* **Supplied entries**
━━━━━━━━━━━━━━━━━━━━

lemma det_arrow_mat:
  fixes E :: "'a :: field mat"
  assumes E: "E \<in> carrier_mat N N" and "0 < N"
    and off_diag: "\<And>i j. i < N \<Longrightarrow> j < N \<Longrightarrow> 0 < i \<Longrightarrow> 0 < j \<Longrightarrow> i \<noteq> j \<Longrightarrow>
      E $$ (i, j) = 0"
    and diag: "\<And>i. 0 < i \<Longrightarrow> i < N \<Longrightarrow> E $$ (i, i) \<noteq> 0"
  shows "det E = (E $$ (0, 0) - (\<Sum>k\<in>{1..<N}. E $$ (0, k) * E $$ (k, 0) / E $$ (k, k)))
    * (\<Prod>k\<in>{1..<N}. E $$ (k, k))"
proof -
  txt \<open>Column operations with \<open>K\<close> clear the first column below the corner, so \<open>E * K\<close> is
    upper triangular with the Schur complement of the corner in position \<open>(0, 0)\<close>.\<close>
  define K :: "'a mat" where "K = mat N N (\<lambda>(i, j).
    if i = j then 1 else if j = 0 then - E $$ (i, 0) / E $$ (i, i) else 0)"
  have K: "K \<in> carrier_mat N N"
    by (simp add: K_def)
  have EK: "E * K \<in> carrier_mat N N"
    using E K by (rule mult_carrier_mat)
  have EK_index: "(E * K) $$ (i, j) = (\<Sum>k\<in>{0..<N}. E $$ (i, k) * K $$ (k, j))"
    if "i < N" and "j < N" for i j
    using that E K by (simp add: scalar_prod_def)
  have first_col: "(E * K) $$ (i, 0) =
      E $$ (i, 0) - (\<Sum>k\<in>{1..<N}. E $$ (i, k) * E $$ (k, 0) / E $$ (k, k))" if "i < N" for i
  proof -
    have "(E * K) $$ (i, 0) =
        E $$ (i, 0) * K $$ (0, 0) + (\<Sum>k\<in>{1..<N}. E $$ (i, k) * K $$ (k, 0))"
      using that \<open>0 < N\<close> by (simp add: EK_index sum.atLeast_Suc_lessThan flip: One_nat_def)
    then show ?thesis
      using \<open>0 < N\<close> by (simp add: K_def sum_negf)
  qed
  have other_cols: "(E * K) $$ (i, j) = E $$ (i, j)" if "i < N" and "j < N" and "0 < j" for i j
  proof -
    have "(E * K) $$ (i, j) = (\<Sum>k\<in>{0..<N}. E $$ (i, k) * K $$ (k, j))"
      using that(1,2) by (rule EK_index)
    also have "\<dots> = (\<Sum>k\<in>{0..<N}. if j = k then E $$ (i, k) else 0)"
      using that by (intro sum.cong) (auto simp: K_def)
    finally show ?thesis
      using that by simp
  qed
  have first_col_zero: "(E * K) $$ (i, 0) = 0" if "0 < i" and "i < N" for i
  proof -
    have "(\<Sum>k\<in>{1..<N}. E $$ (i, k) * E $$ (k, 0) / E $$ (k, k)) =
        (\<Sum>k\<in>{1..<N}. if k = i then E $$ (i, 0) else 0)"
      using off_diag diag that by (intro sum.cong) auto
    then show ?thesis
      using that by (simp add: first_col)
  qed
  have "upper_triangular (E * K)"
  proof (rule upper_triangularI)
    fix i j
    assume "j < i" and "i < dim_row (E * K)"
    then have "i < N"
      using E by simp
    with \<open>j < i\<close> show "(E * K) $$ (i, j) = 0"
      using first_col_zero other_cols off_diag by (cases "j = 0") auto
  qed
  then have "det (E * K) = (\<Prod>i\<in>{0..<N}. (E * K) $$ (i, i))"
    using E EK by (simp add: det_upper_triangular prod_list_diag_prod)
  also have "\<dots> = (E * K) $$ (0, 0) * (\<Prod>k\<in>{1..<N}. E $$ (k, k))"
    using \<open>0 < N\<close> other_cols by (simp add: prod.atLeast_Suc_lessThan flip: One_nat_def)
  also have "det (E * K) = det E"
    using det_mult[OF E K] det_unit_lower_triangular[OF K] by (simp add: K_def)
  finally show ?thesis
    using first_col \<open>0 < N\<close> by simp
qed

━━━━━━━━━━━━━━━━━━━━

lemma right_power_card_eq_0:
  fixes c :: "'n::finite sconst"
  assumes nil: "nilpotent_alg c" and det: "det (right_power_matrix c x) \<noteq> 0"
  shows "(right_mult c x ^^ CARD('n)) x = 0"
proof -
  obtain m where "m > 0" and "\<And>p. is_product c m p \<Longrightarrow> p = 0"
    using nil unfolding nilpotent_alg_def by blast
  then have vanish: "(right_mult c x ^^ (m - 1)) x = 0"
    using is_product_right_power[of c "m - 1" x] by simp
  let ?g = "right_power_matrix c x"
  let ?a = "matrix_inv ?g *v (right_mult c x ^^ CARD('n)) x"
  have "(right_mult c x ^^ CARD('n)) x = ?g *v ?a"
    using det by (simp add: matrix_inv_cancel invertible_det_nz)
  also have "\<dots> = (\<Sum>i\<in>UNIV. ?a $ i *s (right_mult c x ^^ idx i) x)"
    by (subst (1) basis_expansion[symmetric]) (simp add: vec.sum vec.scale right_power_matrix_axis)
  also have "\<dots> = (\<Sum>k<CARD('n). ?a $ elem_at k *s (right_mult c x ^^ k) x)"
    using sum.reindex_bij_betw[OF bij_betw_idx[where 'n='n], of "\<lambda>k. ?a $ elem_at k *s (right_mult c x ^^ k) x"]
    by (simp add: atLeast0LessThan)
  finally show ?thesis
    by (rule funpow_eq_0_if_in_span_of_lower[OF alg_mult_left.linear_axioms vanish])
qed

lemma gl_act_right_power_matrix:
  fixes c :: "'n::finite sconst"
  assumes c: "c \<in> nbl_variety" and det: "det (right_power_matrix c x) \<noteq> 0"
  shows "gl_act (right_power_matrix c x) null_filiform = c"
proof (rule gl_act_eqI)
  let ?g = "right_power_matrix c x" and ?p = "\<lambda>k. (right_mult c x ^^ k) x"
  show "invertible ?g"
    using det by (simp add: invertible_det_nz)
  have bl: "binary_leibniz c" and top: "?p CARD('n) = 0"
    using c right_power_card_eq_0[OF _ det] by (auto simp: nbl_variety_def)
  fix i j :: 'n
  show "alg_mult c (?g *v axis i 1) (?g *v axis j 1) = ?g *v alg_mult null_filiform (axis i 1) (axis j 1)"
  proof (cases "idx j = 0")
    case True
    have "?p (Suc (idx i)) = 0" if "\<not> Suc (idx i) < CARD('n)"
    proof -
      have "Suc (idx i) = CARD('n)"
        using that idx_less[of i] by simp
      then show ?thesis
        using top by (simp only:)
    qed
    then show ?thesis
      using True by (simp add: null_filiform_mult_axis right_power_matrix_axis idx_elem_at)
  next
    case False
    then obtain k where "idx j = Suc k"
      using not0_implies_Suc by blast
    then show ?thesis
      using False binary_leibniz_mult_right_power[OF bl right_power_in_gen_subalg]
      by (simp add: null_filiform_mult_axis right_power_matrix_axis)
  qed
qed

━━━━━━━━━━━━━━━━━━━━

* **Brief**
Output, from the data above, the lines from the line with "using nil unfolding" to the line with "using det by (simp add: matrix_inv_cancel" exactly as they stand, both ends included and nothing else.

* **Response to the exercise**
    using nil unfolding nilpotent_alg_def by blast
  then have vanish: "(right_mult c x ^^ (m - 1)) x = 0"
    using is_product_right_power[of c "m - 1" x] by simp
  let ?g = "right_power_matrix c x"
  let ?a = "matrix_inv ?g *v (right_mult c x ^^ CARD('n)) x"
  have "(right_mult c x ^^ CARD('n)) x = ?g *v ?a"
    using det by (simp add: matrix_inv_cancel invertible_det_nz)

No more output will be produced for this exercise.